Writing this will cause kernel to drop clean caches, as well as reclaimable slab objects like dentries and inodes. Once dropped, their memory becomes free. Set through "sysctl -w vm.drop_caches=3" to free slab objects and pagecache.

CPUFreq scaling governor:

Governors are power schemes for the CPU. It is in-kernel pre-configured power schemes for the CPU and allows you to change the clock speed of the CPUs on the fly. On Linux systems can set the govenor for all CPUs through the cpupower utility with the following command:

"cpupower -c all frequency-set -g governor"

Below are governors in the Linux kernel:

performance: Run the CPU at the maximum frequency.
powersave: Run the CPU at the minimum frequency.
userspace: Run the CPU at user specified frequencies.
ondemand: Scales the frequency dynamically according to current load. Jumps to the highest frequency and then possibly back off as the idle time increases.
conservative: Scales the frequency dynamically according to current load. Scales the frequency more gradually than ondemand.
schedutil: Scheduler-driven CPU frequency selection.

tuned-adm:

A commandline interface for switching between different tuning profiles available in supported Linux distributions. The distribution provided profiles are located in /usr/lib/tuned and the user defined profiles in /etc/tuned. To set a profile, one can issue the command "tuned-adm profile (profile_name)".
Below are details about some relevant profiles:

throughput-performance: For typical throughput performance tuning. Disables power saving mechanisms and enables sysctl settings that improve the throughput performance of disk and network I/O. CPU governor is set to performance and CPU energy performance bias is set to performance. Disk readahead values are increased.
latency-performance: For low latency performance tuning. Disables power saving mechanisms. CPU governor is set to performance and locked to the low C states. CPU energy performance bias to performance.
balanced: Default profile provides balanced power saving and performance. It enables CPU and disk plugins of tuned and makes the conservative governor is active and also sets the CPU energy performance bias to normal. It also enables power saving on audio and graphics card.
powersave: Maximal power saving for whole system. It sets the CPU governor to ondemand governor and energy performance bias to powersave. It also enable power saving on USB, SATA, audio and graphics card.

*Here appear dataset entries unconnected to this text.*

(* Almost surely, $$\lim_{n\to\infty}\frac{Z_n-\mathbb{E}[Z_n]}{n}=0,\qquad \lim_{n\to\infty}\frac{\mathbb{E}[Z_n]}{n}=\frac{\tau}{1-\gamma},$$ so that $\frac{Z_n}{n}\to\frac{\tau}{1-\gamma}$ almost surely.
   Context: Fix $p,q,r\ge 0$ with $p+q+r=1$ and $\theta\in[0,1)$. Let $(X_n)_{n\ge1}$ be random variables with values in $\{-1,0,+1\}$ such that $\mathbb{P}(X_1=+1)=p$, $\mathbb{P}(X_1=-1)=q$, $\mathbb{P}(X_1=0)=r$. Let $\mathcal F_n=\sigma(X_1,\dots,X_n)$. For $n\ge1$ let $n_+,n_-,n_0$ denote the number of indices $i\in\{1,\dots,n\}$ with $X_i=+1$, $X_i=-1$, $X_i=0$ respectively. The conditional law of $X_{n+1}$ is $\mathbb{P}(X_{n+1}=+1\mid\mathcal F_n)=\theta\big(\tfrac{n_+}{n}p+\tfrac{n_-}{n}q\big)+(1-\theta)p$, $\mathbb{P}(X_{n+1}=-1\mid\mathcal F_n)=\theta\big(\tfrac{n_-}{n}p+\tfrac{n_+}{n}q\big)+(1-\theta)q$, $\mathbb{P}(X_{n+1}=0\mid\mathcal F_n)=\theta(p+q)\tfrac{n_0}{n}+r$. Let $Z_n=\sum_{i=1}^n X_i^2$. Notation: $\tau=(1-\theta)(p+q)$, $\gamma=(p+q)\theta$. *)

theory Defs
  imports "HOL-Probability.Probability"
begin

definition nat_filtration :: "'a measure \<Rightarrow> (nat \<Rightarrow> 'a \<Rightarrow> int) \<Rightarrow> nat \<Rightarrow> 'a measure" where
  "nat_filtration M X n =
     sigma (space M) {X i -` A \<inter> space M | i A. i \<in> {1..n}}"

definition cnt :: "(nat \<Rightarrow> 'a \<Rightarrow> int) \<Rightarrow> int \<Rightarrow> nat \<Rightarrow> 'a \<Rightarrow> nat" where
  "cnt X v n \<omega> = card {i \<in> {1..n}. X i \<omega> = v}"

definition Zsum :: "(nat \<Rightarrow> 'a \<Rightarrow> int) \<Rightarrow> nat \<Rightarrow> 'a \<Rightarrow> real" where
  "Zsum X n \<omega> = (\<Sum>i=1..n. (real_of_int (X i \<omega>))\<^sup>2)"

end

theory Submission
  imports Defs
begin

Firmware / BIOS / Microcode Settings

ANC mode:

Ampere NUMA Control (ANC) specifies the number of desired NUMA (Non-Uniform Memory Access) nodes per chip:

monolithic: Each physical processor chip is a NUMA node (default)
hemisphere: Each physical processor chip is two NUMA nodes
quadrant: Each physical processor chip is four NUMA nodes

Dividing the chip into separate nodes (hemisphere or quadrant) may improve latency to the last level cache and main memory, which may benefit overall performance for NUMA-aware operating systems and workloads.

Enable ACPI Auto Configuration:

Automatically configure ACPI releated settings with CPPC and LPI enabled.

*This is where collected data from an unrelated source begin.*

lemma xs_z_const: "t \<ge> 0 \<Longrightarrow> xs t + z t = xs 0 + z 0"
proof (rule const_on_atLeast_if_deriv_zero[of "\<lambda>t. xs t + z t"])
  fix t :: real assume "t \<ge> 0"
  have "m t * (k2 * cpp t + \<theta> * z t) = k1 * xs t + \<mu> * z t"
    unfolding m_def using denominator_pos[OF \<open>t \<ge> 0\<close>] by simp
  moreover have "((\<lambda>t. xs t + z t) has_real_derivative
      (k2 * cpp t * m t - k1 * xs t) + z t * (\<theta> * m t - \<mu>)) (at t within {0..})"
    by (intro DERIV_add ode_xs ode_z \<open>t \<ge> 0\<close>)
  ultimately show "((\<lambda>t. xs t + z t) has_real_derivative 0) (at t within {0..})"
    by (simp add: algebra_simps)
qed

lemma z_deriv_logistic:
  assumes "t \<ge> 0"
  shows "(z has_real_derivative
      z t * ((\<theta> * k1 * (xs 0 + z 0) - \<mu> * k2 * cpp t) - \<theta> * k1 * z t) / (k2 * cpp t + \<theta> * z t))
    (at t within {0..})"
proof -
  have "\<theta> * m t - \<mu>
      = ((\<theta> * k1 * (xs 0 + z 0) - \<mu> * k2 * cpp t) - \<theta> * k1 * z t) / (k2 * cpp t + \<theta> * z t)"
    unfolding m_def xs_z_const[OF assms, symmetric] using denominator_pos[OF assms]
    by (simp add: field_simps)
  then show ?thesis using ode_z[OF assms] by simp
qed

lemma denominator_le:
  "t \<ge> 0 \<Longrightarrow> k2 * cpp t + \<theta> * z t \<le> k2 * (c 0 + cp 0 + cpp 0) + \<theta> * (xs 0 + z 0)"
  using total_const[of t] xs_z_const[of t] state_pos[of t] params_pos
  by (intro add_mono) (auto simp: state_pos_def)

end

theorem mainTheorem6:
  fixes k1 k2 k5 k6 k7 k8 \<theta> \<mu> :: real
    and c cp cpp xs z :: "real \<Rightarrow> real"
  assumes pos: "k1 > 0" "k2 > 0" "k5 > 0" "k6 > 0" "k7 > 0" "k8 > 0" "\<theta> > 0" "\<mu> > 0"
    and init: "c 0 > 0" "cp 0 > 0" "cpp 0 > 0" "xs 0 > 0" "z 0 > 0"
    and m_def: "\<And>t. m t = (k1 * xs t + \<mu> * z t) / (k2 * cpp t + \<theta> * z t)"
    and ode_c: "\<And>t. t \<ge> 0 \<Longrightarrow>
        (c has_real_derivative (k6 * cp t - k5 * c t)) (at t within {0..})"
    and ode_cp: "\<And>t. t \<ge> 0 \<Longrightarrow>
        (cp has_real_derivative (k5 * c t + k8 * cpp t - (k6 + k7) * cp t)) (at t within {0..})"
    and ode_cpp: "\<And>t. t \<ge> 0 \<Longrightarrow>
        (cpp has_real_derivative (k7 * cp t - k8 * cpp t)) (at t within {0..})"
    and ode_xs: "\<And>t. t \<ge> 0 \<Longrightarrow>
        (xs has_real_derivative (k2 * cpp t * m t - k1 * xs t)) (at t within {0..})"
    and ode_z: "\<And>t. t \<ge> 0 \<Longrightarrow>
        (z has_real_derivative (z t * (\<theta> * m t - \<mu>))) (at t within {0..})"
    and M_def: "M = xs 0 + z 0"
    and L_def: "L = c 0 + cp 0 + cpp 0"
    and cbar_def: "cbar = k5 * k6 * k7 * k8 * L /
        (k6\<^sup>2 * k8\<^sup>2 + k5 * k6 * k8\<^sup>2 + k5 * k6 * k7 * k8)"
    and hyp: "\<theta> * k1 * M > \<mu> * k2 * cbar"
  shows "(z \<longlongrightarrow> (\<theta> * k1 * M - \<mu> * k2 * cbar) / (\<theta> * k1)) at_top"
proof -
  interpret S: dimer_catalyzer k5 k6 k7 k8 c cp cpp k1 k2 \<theta> \<mu> xs z m
    by unfold_locales (fact pos init m_def ode_c ode_cp ode_cpp ode_xs ode_z)+
  have "cbar = k5 * k7 * L / (k6 * k8 + k5 * k8 + k5 * k7)"
  proof -
    have "k6\<^sup>2 * k8\<^sup>2 + k5 * k6 * k8\<^sup>2 + k5 * k6 * k7 * k8 = k6 * k8 * (k6 * k8 + k5 * k8 + k5 * k7)"
      by (simp add: algebra_simps power2_eq_square)
    then show ?thesis unfolding cbar_def using pos by simp
  qed
  then have "(cpp \<longlongrightarrow> cbar) at_top" using S.cpp_tendsto L_def by simp
  then have q_lim: "((\<lambda>t. \<theta> * k1 * M - \<mu> * k2 * cpp t) \<longlongrightarrow>
      \<theta> * k1 * ((\<theta> * k1 * M - \<mu> * k2 * cbar) / (\<theta> * k1))) at_top"
    using pos by (auto intro!: tendsto_eq_intros)
  show ?thesis
  proof (rule logistic_tendsto[OF _ _ S.denominator_pos S.denominator_le _ _ q_lim])
    show "(z has_real_derivative z t * ((\<theta> * k1 * M - \<mu> * k2 * cpp t) - \<theta> * k1 * z t)
        / (k2 * cpp t + \<theta> * z t)) (at t within {0..})" if "t \<ge> 0" for t
      using S.z_deriv_logistic[OF that] M_def by simp
  qed (use S.state_pos pos hyp in \<open>auto simp: S.state_pos_def\<close>)
qed

end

Enabled: Automatically configure ACPI releated settings. (default)
Disabled: Disable ACPI auto configuration and allow user to manually change CPPC and LPI settings.

Enable CPPC:

CPPC (Collaborative Processor Performance Control) defined in the ACPI spec describes a mechanism for the OS to manage the performance of a logical processor on a contiguous and abstract performance scale. CPPC exposes a set of registers to describe abstract performance scale, to request performance levels and to measure per-cpu delivered performance.

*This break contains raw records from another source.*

(* Consider the following two-party game. Alice and Bob share a two-qubit state $\rho$ on $\mathbb{C}^2\otimes\mathbb{C}^2$. For each $x=x_1x_2x_3\in\{0,1\}^3$, Alice applies a completely positive trace-preserving map $\Lambda_x$ to her qubit (the first tensor factor), producing $\rho_x=(\Lambda_x\otimes\mathrm{id})(\rho)$, and sends her qubit to Bob. For each $y\in\{1,2,3\}$, Bob performs a two-outcome projective measurement $\{\Pi_y^0,\Pi_y^1\}$ on the whole two-qubit system. The success probability is $$\mathcal{S}_Q=\frac{1}{24}\sum_{y=1}^{3}\sum_{x\in\{0,1\}^3}\mathrm{Tr}\big[\rho_x\,\Pi_y^{x_y}\big].$$ Then the maximum of $\mathcal{S}_Q$ over all shared two-qubit states $\rho$, all choices of maps $\Lambda_x$ and all projective measurements $\{\Pi_y^b\}$ equals $\mathcal{S}_Q^{opt}=\frac{1}{2}+\frac{1}{\sqrt{6}}\approx 0.908$.
   Context: This is the "3-bit variant of prepare-measure random access code": Bob's goal on input $y$ is to output the $y$-th bit $x_y$ of Alice's input string $x$. *)

theory Defs
  imports Complex_Main "Jordan_Normal_Form.Matrix"
begin

text \<open>Matrices are complex JNF matrices; vectors of C^n are functions nat => complex on indices < n.\<close>

definition mtrace :: "complex mat \<Rightarrow> complex" where
  "mtrace A = (\<Sum>i<dim_row A. A $$ (i, i))"

definition hermitian_n :: "nat \<Rightarrow> complex mat \<Rightarrow> bool" where
  "hermitian_n n A \<longleftrightarrow> A \<in> carrier_mat n n \<and>
     (\<forall>i<n. \<forall>j<n. A $$ (i, j) = cnj (A $$ (j, i)))"

definition psd :: "nat \<Rightarrow> complex mat \<Rightarrow> bool" where
  "psd n A \<longleftrightarrow> hermitian_n n A \<and>
     (\<forall>v :: nat \<Rightarrow> complex. 0 \<le> Re (\<Sum>i<n. \<Sum>j<n. cnj (v i) * A $$ (i, j) * v j))"

definition density :: "nat \<Rightarrow> complex mat \<Rightarrow> bool" where
  "density n A \<longleftrightarrow> psd n A \<and> mtrace A = 1"

text \<open>(Lambda \<otimes> id_k) applied to a (2k) x (2k) matrix, the qubit being the FIRST tensor factor:
  basis index of |i> \<otimes> |a> is i*k + a.\<close>
definition ampl :: "(complex mat \<Rightarrow> complex mat) \<Rightarrow> nat \<Rightarrow> complex mat \<Rightarrow> complex mat" where
  "ampl \<Lambda> k M = mat (2*k) (2*k) (\<lambda>(r, s).
      \<Lambda> (mat 2 2 (\<lambda>(i, j). M $$ (i*k + r mod k, j*k + s mod k))) $$ (r div k, s div k))"

definition qubit_linear :: "(complex mat \<Rightarrow> complex mat) \<Rightarrow> bool" where
  "qubit_linear \<Lambda> \<longleftrightarrow>
     (\<forall>A \<in> carrier_mat 2 2. \<Lambda> A \<in> carrier_mat 2 2) \<and>
     (\<forall>A \<in> carrier_mat 2 2. \<forall>B \<in> carrier_mat 2 2. \<Lambda> (A + B) = \<Lambda> A + \<Lambda> B) \<and>
     (\<forall>A \<in> carrier_mat 2 2. \<forall>c. \<Lambda> (c \<cdot>\<^sub>m A) = c \<cdot>\<^sub>m \<Lambda> A)"

definition completely_positive :: "(complex mat \<Rightarrow> complex mat) \<Rightarrow> bool" where
  "completely_positive \<Lambda> \<longleftrightarrow> (\<forall>k M. psd (2*k) M \<longrightarrow> psd (2*k) (ampl \<Lambda> k M))"

definition trace_preserving :: "(complex mat \<Rightarrow> complex mat) \<Rightarrow> bool" where
  "trace_preserving \<Lambda> \<longleftrightarrow> (\<forall>A \<in> carrier_mat 2 2. mtrace (\<Lambda> A) = mtrace A)"

definition cptp :: "(complex mat \<Rightarrow> complex mat) \<Rightarrow> bool" where
  "cptp \<Lambda> \<longleftrightarrow> qubit_linear \<Lambda> \<and> completely_positive \<Lambda> \<and> trace_preserving \<Lambda>"

definition projector :: "nat \<Rightarrow> complex mat \<Rightarrow> bool" where
  "projector n P \<longleftrightarrow> hermitian_n n P \<and> P * P = P"

text \<open>Two-outcome projective measurement {P False, P True} on C^n (False = outcome 0).\<close>
definition proj_meas :: "nat \<Rightarrow> (bool \<Rightarrow> complex mat) \<Rightarrow> bool" where
  "proj_meas n P \<longleftrightarrow> projector n (P False) \<and> projector n (P True) \<and> P False + P True = 1\<^sub>m n"

text \<open>Success probability of the 3-to-1 RAC.  x in {0,1}^3 is a bool list of length 3
  (x_y = x ! (y-1)), y ranges over {1,2,3}.\<close>
definition success :: "complex mat \<Rightarrow> (bool list \<Rightarrow> complex mat \<Rightarrow> complex mat)
     \<Rightarrow> (nat \<Rightarrow> bool \<Rightarrow> complex mat) \<Rightarrow> real" where
  "success \<rho> \<Lambda> Pm = (1/24) * (\<Sum>y\<in>{1..3::nat}. \<Sum>x\<in>{xs::bool list. length xs = 3}.
       Re (mtrace (ampl (\<Lambda> x) 2 \<rho> * Pm y (x ! (y - 1)))))"

definition valid_strategy :: "complex mat \<Rightarrow> (bool list \<Rightarrow> complex mat \<Rightarrow> complex mat)
     \<Rightarrow> (nat \<Rightarrow> bool \<Rightarrow> complex mat) \<Rightarrow> bool" where
  "valid_strategy \<rho> \<Lambda> Pm \<longleftrightarrow> density 4 \<rho> \<and>
     (\<forall>x. length x = 3 \<longrightarrow> cptp (\<Lambda> x)) \<and> (\<forall>y\<in>{1..3::nat}. proj_meas 4 (Pm y))"

end

theory Submission
  imports Defs
begin

(*
  Write Bob's measurements as Pi_y^b = (1 + (-1)^b O_y) / 2, where O_y = 2 Pi_y^0 - 1 is a Hermitian
  involution with Hilbert-Schmidt norm ||O_y||^2 = 4.  Then S_Q = 1/2 + B/48 for the bias
  B = sum_x sum_y (-1)^(x_y) Re Tr(rho_x O_y).  Grouping each x with its complement x' gives
  B = sum over the four pairs of Re Tr((rho_x - rho_x') C_x) with C_x = sum_y (-1)^(x_y) O_y.
  For states ||rho - sigma||^2 <= 2, because Tr(rho sigma) >= 0, so a weighted AM-GM inequality yields
  Re Tr((rho_x - rho_x') C_x) <= t + ||C_x||^2 / (2 t), while the parallelogram law gives
  sum_x ||C_x||^2 = 4 sum_y ||O_y||^2 = 48.  With t = sqrt 6 this is B <= 8 sqrt 6.
  Equality needs rho_x - rho_x' = C_x / sqrt 6; a maximally entangled state, suitable local unitaries
  for Alice and observables K_y / sqrt 6 for Bob achieve it.
*)

section \<open>Positive semidefinite kernels\<close>

lemma mult_if_zero_left: "(if P then x else 0) * y = (if P then x * y else (0 :: 'a::mult_zero))"
  by simp

lemma mult_if_zero_right: "x * (if P then y else 0) = (if P then x * y else (0 :: 'a::mult_zero))"
  by simp

definition quad_form :: "nat \<Rightarrow> (nat \<Rightarrow> nat \<Rightarrow> complex) \<Rightarrow> (nat \<Rightarrow> complex) \<Rightarrow> complex" where
  "quad_form n A v = (\<Sum>i<n. \<Sum>j<n. cnj (v i) * A i j * v j)"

Enabled: Enable firmware to communicate with the OS using CPPC.(default)
Disabled: Disable firmware to communicate with the OS using CPPC.

Enable LPI:

LPI (Low Power Idle) make the system remains partially running. In low power idle mode, the system can stay up-to-date whenever a suitable network is available and also wake when real-time action is required.

Enabled: Enable the system to enter Low Power Idle (LPI) mode. (default)
Disabled: Disable Low Power Idle (LPI) mode.